In The Visitor, the new Tom Kitt scored musical that recently premiered at The Public Theatre, a white professor and Syrian refugee develop a friendship that feels more transactional than earnest. As framed by Brian Yorkey and Kwame Kwei-Armah’s book, the currency that drives their relationship is white savior antics that leave both characters poorer.
Walter (David Hyde Pierce), the show’s “hero”, begins the show in an emotional malaise due to the passing of his wife. Tarek (Ahmad Maksoud) strikes up a friendship with Walter and teaches him how to play the drums. As Walter begins to develop rhythm on the drums he also finds a new zest for life. Tarek is arrested for jumping a subway turnstile and faces certain deportation. Walter attempts to “save” Tarek from deportation and ultimately fails. Walter moves on with his life and decides to finish his book. In short, one family’s traumatic journey through the asylum-seeking process is framed as a set of checkpoints for a white man’s social and emotional awakening.

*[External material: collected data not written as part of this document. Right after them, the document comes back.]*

(* Let $(\eta,F)$ be any generalised entropy. Then: (a) for any jointly distributed random variables $X$ (with values in a finite set) and $Y$ (discrete), $H(X)-H(X\mid Y)\geq 0$; (b) (data processing inequality) for any discrete random variables $X,Y,Z$ such that $Z$ is conditionally independent of $X$ given $Y$, we have $H(X\mid Z)\geq H(X\mid Y)$.
   Context: Generalised entropy: a pair $(\eta,F)$ where $F$ is a bounded real-valued function defined on probability vectors of every finite length, which is symmetric (unchanged by permuting entries) and expansible (unchanged by appending zero entries), and $\eta$ is a real function of a real variable, such that either (a) $\eta$ is increasing and $F$ is concave, or (b) $\eta$ is decreasing and $F$ is convex. The entropies are $H(X)=\eta(F(p_X))$ and $H(X\mid Y)=\eta\big(\sum_{y:\,p(y)>0}p(y)F(p_{X\mid y})\big)$, where $p_{X\mid y}=(p(x\mid y))_x$ is the posterior distribution of $X$ given $Y=y$ (and similarly for $Z$). *)

theory Defs
  imports "HOL-Probability.Probability_Mass_Function" "HOL-Analysis.Infinite_Sum"
begin

definition prob_vec :: "real list \<Rightarrow> bool" where
  "prob_vec p \<longleftrightarrow> (\<forall>a\<in>set p. 0 \<le> a) \<and> sum_list p = 1"

definition mix_vec :: "real \<Rightarrow> real list \<Rightarrow> real list \<Rightarrow> real list" where
  "mix_vec t p q = map2 (\<lambda>a b. t * a + (1 - t) * b) p q"

definition concave_F :: "(real list \<Rightarrow> real) \<Rightarrow> bool" where
  "concave_F F \<longleftrightarrow> (\<forall>p q t. prob_vec p \<longrightarrow> prob_vec q \<longrightarrow> length p = length q
      \<longrightarrow> 0 \<le> t \<longrightarrow> t \<le> 1 \<longrightarrow> F (mix_vec t p q) \<ge> t * F p + (1 - t) * F q)"

definition convex_F :: "(real list \<Rightarrow> real) \<Rightarrow> bool" where
  "convex_F F \<longleftrightarrow> (\<forall>p q t. prob_vec p \<longrightarrow> prob_vec q \<longrightarrow> length p = length q
      \<longrightarrow> 0 \<le> t \<longrightarrow> t \<le> 1 \<longrightarrow> F (mix_vec t p q) \<le> t * F p + (1 - t) * F q)"

definition gen_entropy :: "(real \<Rightarrow> real) \<Rightarrow> (real list \<Rightarrow> real) \<Rightarrow> bool" where
  "gen_entropy \<eta> F \<longleftrightarrow>
     (\<exists>B. \<forall>p. prob_vec p \<longrightarrow> \<bar>F p\<bar> \<le> B) \<and>
     (\<forall>p q. prob_vec p \<longrightarrow> mset p = mset q \<longrightarrow> F q = F p) \<and>
     (\<forall>p. prob_vec p \<longrightarrow> F (p @ [0]) = F p) \<and>
     ((mono \<eta> \<and> concave_F F) \<or> (antimono \<eta> \<and> convex_F F))"

text \<open>A fixed enumeration (without repetition) of a finite set; by symmetry of F
  the choice does not matter.\<close>
definition enum_of :: "'a set \<Rightarrow> 'a list" where
  "enum_of A = (SOME xs. distinct xs \<and> set xs = A)"

definition Pr :: "'w pmf \<Rightarrow> 'w set \<Rightarrow> real" where
  "Pr \<mu> A = measure_pmf.prob \<mu> A"

definition distr_vec :: "'w pmf \<Rightarrow> ('w \<Rightarrow> 'x) \<Rightarrow> real list" where
  "distr_vec \<mu> X = map (\<lambda>x. Pr \<mu> (X -` {x})) (enum_of (range X))"

definition post_vec :: "'w pmf \<Rightarrow> ('w \<Rightarrow> 'x) \<Rightarrow> ('w \<Rightarrow> 'y) \<Rightarrow> 'y \<Rightarrow> real list" where
  "post_vec \<mu> X Y y =
     map (\<lambda>x. Pr \<mu> (X -` {x} \<inter> Y -` {y}) / Pr \<mu> (Y -` {y})) (enum_of (range X))"

definition gH :: "(real \<Rightarrow> real) \<Rightarrow> (real list \<Rightarrow> real) \<Rightarrow> 'w pmf \<Rightarrow> ('w \<Rightarrow> 'x) \<Rightarrow> real" where
  "gH \<eta> F \<mu> X = \<eta> (F (distr_vec \<mu> X))"

definition gHc :: "(real \<Rightarrow> real) \<Rightarrow> (real list \<Rightarrow> real) \<Rightarrow> 'w pmf \<Rightarrow> ('w \<Rightarrow> 'x) \<Rightarrow> ('w \<Rightarrow> 'y) \<Rightarrow> real" where
  "gHc \<eta> F \<mu> X Y =
     \<eta> (\<Sum>\<^sub>\<infinity>y\<in>{y. Pr \<mu> (Y -` {y}) > 0}. Pr \<mu> (Y -` {y}) * F (post_vec \<mu> X Y y))"

definition cond_indep :: "'w pmf \<Rightarrow> ('w \<Rightarrow> 'x) \<Rightarrow> ('w \<Rightarrow> 'y) \<Rightarrow> ('w \<Rightarrow> 'z) \<Rightarrow> bool" where
  "cond_indep \<mu> X Y Z \<longleftrightarrow> (\<forall>x y z.
     Pr \<mu> (X -` {x} \<inter> Y -` {y} \<inter> Z -` {z}) * Pr \<mu> (Y -` {y}) =
     Pr \<mu> (X -` {x} \<inter> Y -` {y}) * Pr \<mu> (Y -` {y} \<inter> Z -` {z}))"

end

theory Submission
  imports Defs
begin

(* Both inequalities are Jensen's inequality for the concave functional F on probability
   vectors over the finite range of X, transported through the increasing function \<eta>; case (b)
   of a generalised entropy turns into case (a) on passing to (t \<mapsto> \<eta> (-t), -F).
   For (a), the law of X is the mixture of the posteriors p_{X|y} with weights p(y).
   For (b), conditional independence makes p_{X|z} the mixture of the p_{X|y} with weights
   p(y|z), so Jensen for each z, averaged over z, gives
     sum_z p(z) F(p_{X|z}) \<ge> sum_z p(z) sum_y p(y|z) F(p_{X|y}) = sum_y p(y) F(p_{X|y}).
   The mixtures are countable; they are truncated to finitely many components, the residual
   mass costing at most B times a vanishing weight because F is bounded by B. *)

lemma enum_of_finite:
  assumes "finite A"
  shows "distinct (enum_of A)" and "set (enum_of A) = A"
proof -
  have "distinct (enum_of A) \<and> set (enum_of A) = A"
    unfolding enum_of_def by (rule someI_ex) (use finite_distinct_list[OF assms] in blast)
  then show "distinct (enum_of A)" and "set (enum_of A) = A" by auto
qed

lemma Pr_nonneg: "0 \<le> Pr \<mu> A"
  unfolding Pr_def by simp

lemma Pr_UNIV [simp]: "Pr \<mu> UNIV = 1"
  unfolding Pr_def by simp

lemma Pr_mono: "A \<subseteq> B \<Longrightarrow> Pr \<mu> A \<le> Pr \<mu> B"
  unfolding Pr_def by (simp add: measure_pmf.finite_measure_mono)

lemma has_sum_pmf_Pr: "(pmf \<mu> has_sum Pr \<mu> A) A"
proof -
  have abs: "Infinite_Set_Sum.abs_summable_on (pmf \<mu>) A" by (rule pmf_abs_summable)
  then have "pmf \<mu> summable_on A"
    using abs_summable_equivalent abs_summable_summable by blast
  moreover have "infsum (pmf \<mu>) A = Pr \<mu> A"
    by (simp add: Pr_def measure_pmf_conv_infsetsum infsetsum_infsum[OF abs])
  ultimately show ?thesis by (metis has_sum_infsum)
qed

lemma has_sum_Pr_preimages: "((\<lambda>y. Pr \<mu> (A \<inter> Y -` {y})) has_sum Pr \<mu> A) UNIV"
proof -
  have "bij_betw (\<lambda>\<omega>. (Y \<omega>, \<omega>)) A (SIGMA y:UNIV. A \<inter> Y -` {y})"
    by (rule bij_betwI[of _ _ _ snd]) auto
  then have "((\<lambda>p. pmf \<mu> (snd p)) has_sum Pr \<mu> A) (SIGMA y:UNIV. A \<inter> Y -` {y})"
    using has_sum_reindex_bij_betw has_sum_pmf_Pr[of \<mu> A] by fastforce
  then show ?thesis
    by (rule has_sum_SigmaD) (simp add: has_sum_pmf_Pr)
qed

lemma has_sum_Pr_preimages_pos:
  "((\<lambda>y. Pr \<mu> (A \<inter> Y -` {y})) has_sum Pr \<mu> A) {y. 0 < Pr \<mu> (Y -` {y})}"
proof -
  have "Pr \<mu> (A \<inter> Y -` {y}) = 0" if "\<not> 0 < Pr \<mu> (Y -` {y})" for y
    using that Pr_mono[of "A \<inter> Y -` {y}" "Y -` {y}" \<mu>] Pr_nonneg[of \<mu>]
    by (meson inf_le2 order.antisym order.trans not_le)
  then show ?thesis
    using has_sum_Pr_preimages by (subst has_sum_cong_neutral[where T = UNIV]) auto
qed

lemma sum_Pr_preimages:
  assumes "finite (range X)"
  shows "(\<Sum>x\<in>range X. Pr \<mu> (A \<inter> X -` {x})) = Pr \<mu> A"
proof -
  have "A \<inter> X -` {x} = {}" if "x \<notin> range X" for x
    using that by blast
  then have "((\<lambda>x. Pr \<mu> (A \<inter> X -` {x})) has_sum Pr \<mu> A) (range X)"
    using has_sum_Pr_preimages
    by (subst has_sum_cong_neutral[where T = UNIV]) (auto simp: Pr_def)
  then show ?thesis
    using has_sum_finite[OF assms] has_sum_unique by blast
qed

lemma summable_on_joint_Pr: "(\<lambda>(y, z). Pr \<mu> (Y -` {y} \<inter> Z -` {z})) summable_on A"
proof -
  have "(\<lambda>(y, z). Pr \<mu> (Y -` {y} \<inter> Z -` {z})) = (\<lambda>p. Pr \<mu> (UNIV \<inter> (\<lambda>\<omega>. (Y \<omega>, Z \<omega>)) -` {p}))"
    by (auto simp: vimage_def Int_def)
  then have "(\<lambda>(y, z). Pr \<mu> (Y -` {y} \<inter> Z -` {z})) summable_on UNIV"
    using has_sum_Pr_preimages summable_on_def by metis
  then show ?thesis
    by (rule summable_on_subset_banach) simp
qed

lemma summable_on_bounded_mult:
  fixes w g :: "'i \<Rightarrow> real"
  assumes "w summable_on I" "\<And>i. i \<in> I \<Longrightarrow> 0 \<le> w i" "\<And>i. i \<in> I \<Longrightarrow> \<bar>g i\<bar> \<le> B"
  shows "(\<lambda>i. w i * g i) summable_on I"
proof -
  have "(\<lambda>i. norm (w i * g i)) summable_on I"
  proof (rule summable_on_comparison_test)
    show "(\<lambda>i. B * w i) summable_on I"
      using assms(1) by (rule summable_on_cmult_right)
    show "norm (w i * g i) \<le> B * w i" if "i \<in> I" for i
      using assms(2,3)[OF that] mult_left_mono[of "\<bar>g i\<bar>" B "w i"]
      by (simp add: abs_mult mult.commute)
  qed simp
  then show ?thesis
    by (rule abs_summable_summable)
qed

definition prob_on :: "'x set \<Rightarrow> ('x \<Rightarrow> real) \<Rightarrow> bool" where
  "prob_on A f \<longleftrightarrow> (\<forall>x\<in>A. 0 \<le> f x) \<and> sum f A = 1"

lemma prob_vec_map_enum_of:
  assumes "finite A"
  shows "prob_vec (map f (enum_of A)) \<longleftrightarrow> prob_on A f"
  using enum_of_finite[OF assms]
  by (simp add: prob_vec_def prob_on_def sum_list_distinct_conv_sum_set)

lemma prob_on_mix:
  assumes "prob_on A f" "prob_on A g" "0 \<le> t" "t \<le> 1"
  shows "prob_on A (\<lambda>x. t * f x + (1 - t) * g x)"
  using assms by (simp add: prob_on_def sum.distrib sum_distrib_left[symmetric])

lemma mixture_residual:
  assumes A: "finite A" and p: "prob_on A p"
    and w: "\<And>i. i \<in> I \<Longrightarrow> 0 \<le> w i" "(w has_sum 1) I"
    and q: "\<And>i. i \<in> I \<Longrightarrow> prob_on A (q i)"
    and mixture: "\<And>x. x \<in> A \<Longrightarrow> ((\<lambda>i. w i * q i x) has_sum p x) I"
    and S: "finite S" "S \<subseteq> I"
  shows "sum w S \<le> 1"
    and "\<And>x. x \<in> A \<Longrightarrow> 0 \<le> p x - (\<Sum>i\<in>S. w i * q i x)"
    and "(\<Sum>x\<in>A. p x - (\<Sum>i\<in>S. w i * q i x)) = 1 - sum w S"
proof -
  have "(w has_sum (1 - sum w S)) (I - S)"
    using has_sum_Diff[OF w(2) has_sum_finite[OF S(1)] S(2)] .
  then show "sum w S \<le> 1"
    using has_sum_nonneg w(1) by (metis DiffD1 diff_ge_0_iff_ge)
  show "0 \<le> p x - (\<Sum>i\<in>S. w i * q i x)" if "x \<in> A" for x
  proof -
    have "((\<lambda>i. w i * q i x) has_sum p x - (\<Sum>i\<in>S. w i * q i x)) (I - S)"
      using has_sum_Diff[OF mixture[OF that] has_sum_finite[OF S(1)] S(2)] .
    moreover have "0 \<le> w i * q i x" if "i \<in> I - S" for i
      using w(1) q that \<open>x \<in> A\<close> by (simp add: prob_on_def)
    ultimately show ?thesis
      by (rule has_sum_nonneg)
  qed
  have "(\<Sum>x\<in>A. \<Sum>i\<in>S. w i * q i x) = (\<Sum>i\<in>S. w i * (\<Sum>x\<in>A. q i x))"
    by (subst sum.swap) (simp add: sum_distrib_left)
  also have "\<dots> = sum w S"
    using q S(2) by (auto simp: prob_on_def intro!: sum.cong)
  finally show "(\<Sum>x\<in>A. p x - (\<Sum>i\<in>S. w i * q i x)) = 1 - sum w S"
    using p by (simp add: prob_on_def sum_subtractf)
qed

lemma mixture_truncation:
  assumes A: "finite A" and p: "prob_on A p"
    and w: "\<And>i. i \<in> I \<Longrightarrow> 0 \<le> w i" "(w has_sum 1) I"
    and q: "\<And>i. i \<in> I \<Longrightarrow> prob_on A (q i)"
    and mixture: "\<And>x. x \<in> A \<Longrightarrow> ((\<lambda>i. w i * q i x) has_sum p x) I"
    and S: "finite S" "S \<subseteq> I"
  obtains r where "prob_on A r" "sum w S \<le> 1"
    and "\<And>x. x \<in> A \<Longrightarrow> p x = (1 - sum w S) * r x + (\<Sum>i\<in>S. w i * q i x)"
proof -
  define s where "s = sum w S"
  define d where "d x = p x - (\<Sum>i\<in>S. w i * q i x)" for x
  have "s \<le> 1" and d_nonneg: "\<And>x. x \<in> A \<Longrightarrow> 0 \<le> d x" and d_sum: "sum d A = 1 - s"
    using mixture_residual[OF assms] unfolding s_def d_def by blast+
  show ?thesis
  proof (cases "s < 1")
    case True
    show ?thesis
    proof (rule that[of "\<lambda>x. d x / (1 - s)"])
      show "prob_on A (\<lambda>x. d x / (1 - s))"
        using True d_nonneg d_sum by (auto simp: prob_on_def sum_divide_distrib[symmetric])
    qed (use True in \<open>simp_all add: s_def d_def\<close>)
  next
    case False
    then have "d x = 0" if "x \<in> A" for x
      using \<open>s \<le> 1\<close> d_sum sum_nonneg_eq_0_iff[OF A] d_nonneg that by auto
    then show ?thesis
      using that[of p] p False \<open>s \<le> 1\<close> by (simp add: s_def d_def)
  qed
qed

Throughout the show, Walter is fed a steady supply of trauma porn to consume as a philosophical romp through his white privilege. At one point, Walter offers Zainab, Tarek’s partner, his apartment to stay the night. Zainab steadfastly refuses and provides an account of past sexual trauma that she has suffered. For the first time ever it seems, Walter is pensive over the sexual violence that women suffer at the hands of misogyny and white supremacy. This episode ends with Walter feeling pangs of white guilt before quickly moving on.
Even the driving force of the show, Tarek’s detention, is treated with this level of disregard. During a visit, Tarek drops all sense of agency despite being a long time survivor of American xenophobia and begs, “Walter get me out of here.” It is as if he has no other option for help but his new white friend. Indeed, Tarek’s actual support system is sidelined into an overzealously grateful ensemble to Walter’s magnanimity.

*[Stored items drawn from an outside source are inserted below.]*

lemma annihilates_of_basis:
  assumes "\<And>i. i \<in> tree_V d h \<Longrightarrow> annihilates d h N (std_basis i)" and "v \<in> ZV d h"
  shows "annihilates d h N v"
proof -
  have "(\<Sum>i\<in>tree_V d h. v i * (int N * std_basis i j)) = int N * v j" for j
  proof -
    have "(\<Sum>i\<in>tree_V d h. v i * (int N * std_basis i j))
        = (\<Sum>i\<in>tree_V d h. if i = j then int N * v j else 0)"
      by (rule sum.cong) (auto simp: std_basis_def)
    then show ?thesis
      using \<open>v \<in> ZV d h\<close> by (simp add: finite_tree_V ZV_def)
  qed
  then have "(\<lambda>j. int N * v j) = (\<lambda>j. \<Sum>i\<in>tree_V d h. v i * (int N * std_basis i j))"
    by simp
  also have "\<dots> \<in> lap_lattice d h"
    using assms(1) by (intro lap_lattice_sum) (simp_all add: finite_tree_V lap_lattice_scale)
  finally show ?thesis .
qed

lemma group_exponent_dvd:
  assumes "\<And>i. i \<in> tree_V d h \<Longrightarrow> annihilates d h N (std_basis i)"
  shows "group_exponent d h dvd N"
  unfolding group_exponent_def
proof (rule Lcm_least)
  fix m
  assume "m \<in> elem_order d h ` ZV d h"
  then obtain v where "v \<in> ZV d h" "m = elem_order d h v"
    by blast
  then show "m dvd N"
    using elem_order_dvd annihilates_of_basis assms by blast
qed

lemma elem_order_dvd_group_exponent: "v \<in> ZV d h \<Longrightarrow> elem_order d h v dvd group_exponent d h"
  unfolding group_exponent_def by (rule dvd_Lcm) (rule imageI)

Mouna, Tarek’s mother, who flies to New York after learning about Tarek’s arrest, is reduced to a damsel in distress who thanks Walter for just being there. A semi-flirtatious relationship arises between the two with Walter finding romance for the first time since his wife’s passing. This ignores Zainab’s earlier warning that romantic propositions carry transactional weight when a white man holds all of the power. Though Walter is eager to revel in his white guilt, he does little to change himself or the system that he actually participates in.

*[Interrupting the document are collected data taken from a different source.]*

lemma linear_form_on_unit_circle_eq_iff:
  fixes A B a :: real
  assumes "0 < A" "0 \<le> B" "\<bar>a\<bar> \<le> 1"
  shows "A * a + B * sqrt (1 - a\<^sup>2) = sqrt (A\<^sup>2 + B\<^sup>2) \<longleftrightarrow> a = A / sqrt (A\<^sup>2 + B\<^sup>2)"
proof -
  define b N where "b = sqrt (1 - a\<^sup>2)" and "N = sqrt (A\<^sup>2 + B\<^sup>2)"
  have circle: "a\<^sup>2 + b\<^sup>2 = 1" "0 \<le> b"
    using assms(3) by (simp_all add: b_def abs_square_le_1)
  have "0 < A\<^sup>2 + B\<^sup>2" using assms(1) by (simp add: add_pos_nonneg)
  then have N: "0 < N" "N\<^sup>2 = A\<^sup>2 + B\<^sup>2" by (simp_all add: N_def)
  show ?thesis
    unfolding b_def[symmetric] N_def[symmetric]
  proof
    assume max: "A * a + B * b = N"
    have "N\<^sup>2 = N\<^sup>2 + (A * b - B * a)\<^sup>2"
      using lagrange_identity_weighted[where u=1 and v=1 and a=A and b=B and c=a and d=b] circle N max
      by simp
    then have parallel: "A * b = B * a" by simp
    have "A = A * (a\<^sup>2 + b\<^sup>2)" using circle by simp
    also have "\<dots> = a * (A * a + B * b)" using parallel by (simp add: power2_eq_square algebra_simps)
    finally show "a = A / N" using max N by (simp add: field_simps)
  next
    assume a: "a = A / N"
    have "b\<^sup>2 = 1 - (A / N)\<^sup>2" using circle a by simp
    also have "\<dots> = (N\<^sup>2 - A\<^sup>2) / N\<^sup>2" using N(1) by (simp add: power_divide field_simps)
    also have "\<dots> = (B / N)\<^sup>2" by (simp add: N(2) power_divide)
    finally have "b\<^sup>2 = (B / N)\<^sup>2" .
    then have "b = B / N"
      using circle N assms(2) by (simp add: power2_eq_iff_nonneg)
    then have "A * a + B * b = N\<^sup>2 / N"
      using a N(2) by (simp add: power2_eq_square add_divide_distrib)
    then show "A * a + B * b = N"
      using N(1) by (simp add: power2_eq_square)
  qed
qed

lemma sqrt_mult_affine_concave_combination:
  fixes c d x y u v :: real
  assumes "0 \<le> c" "0 \<le> d" "0 \<le> x" "0 \<le> y" "0 \<le> u" "0 \<le> v" "u + v = 1"
  shows "u * sqrt (x * (c + d * x)) + v * sqrt (y * (c + d * y))
           \<le> sqrt ((u * x + v * y) * (c + d * (u * x + v * y)))"
    and "0 < c \<Longrightarrow> 0 < u \<Longrightarrow> 0 < v \<Longrightarrow> x \<noteq> y \<Longrightarrow>
         u * sqrt (x * (c + d * x)) + v * sqrt (y * (c + d * y))
           < sqrt ((u * x + v * y) * (c + d * (u * x + v * y)))"
proof -
  define a b p q
    where "a = sqrt x" and "b = sqrt y" and "p = sqrt (c + d * x)" and "q = sqrt (c + d * y)"
  have squares: "a\<^sup>2 = x" "b\<^sup>2 = y" "p\<^sup>2 = c + d * x" "q\<^sup>2 = c + d * y"
    using assms by (simp_all add: a_def b_def p_def q_def)
  have lhs: "u * sqrt (x * (c + d * x)) + v * sqrt (y * (c + d * y)) = u * a * p + v * b * q"
    by (simp add: a_def b_def p_def q_def real_sqrt_mult)
  have "u * p\<^sup>2 + v * q\<^sup>2 = (u + v) * c + d * (u * x + v * y)"
    by (simp add: squares algebra_simps)
  then have rhs: "sqrt ((u * x + v * y) * (c + d * (u * x + v * y)))
      = sqrt ((u * a\<^sup>2 + v * b\<^sup>2) * (u * p\<^sup>2 + v * q\<^sup>2))"
    using assms(7) by (simp add: squares)
  show "u * sqrt (x * (c + d * x)) + v * sqrt (y * (c + d * y))
          \<le> sqrt ((u * x + v * y) * (c + d * (u * x + v * y)))"
    unfolding lhs rhs using assms(5,6) by (rule weighted_cauchy_schwarz2)
  assume "0 < c" "0 < u" "0 < v" "x \<noteq> y"
  have "a * q \<noteq> b * p"
  proof
    assume "a * q = b * p"
    then have "a\<^sup>2 * q\<^sup>2 = b\<^sup>2 * p\<^sup>2" by (metis power_mult_distrib)
    then have "c * x = c * y" by (simp add: squares algebra_simps)
    with \<open>0 < c\<close> \<open>x \<noteq> y\<close> show False by simp
  qed
  then show "u * sqrt (x * (c + d * x)) + v * sqrt (y * (c + d * y))
               < sqrt ((u * x + v * y) * (c + d * (u * x + v * y)))"
    unfolding lhs rhs using \<open>0 < u\<close> \<open>0 < v\<close> by (intro weighted_cauchy_schwarz2_strict)
qed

As Alysha Deslorieux, in the show’s most believable performance, says through Zainab, “if the charity isn’t silent, then you are the charity.” If only the show had switched from its focus on Walter’s supposed charity to allow this message to actually resonate by giving equal time to other characters in The Visitor.
Instead, we are offered choreographed musical numbers with ICE agents that left one wondering if this was the best format to tell Tarek’s story. Far from entertaining, slant rhymes in a detention center coupled with the inhumane conditions that they are known for make light of the real trauma that refugees experience. Rather than address the power dynamics that accompany the asylum-seeking process, The Visitor sidelines its intricacies to elevate Walter’s finding a new sense of purpose by playing at being the hero.
There is no place for white savior narratives in stories that purport to be about people of color. Previews for The Visitor were pushed back by a week in an effort to restructure the show’s representation of race. That was the right move, but it was clearly not enough. I hope that this musical is seen as a relic of pre-pandemic theatre and warns future theatre makers of the harm they can cause by investing theatre’s precious resources in the wrong stories.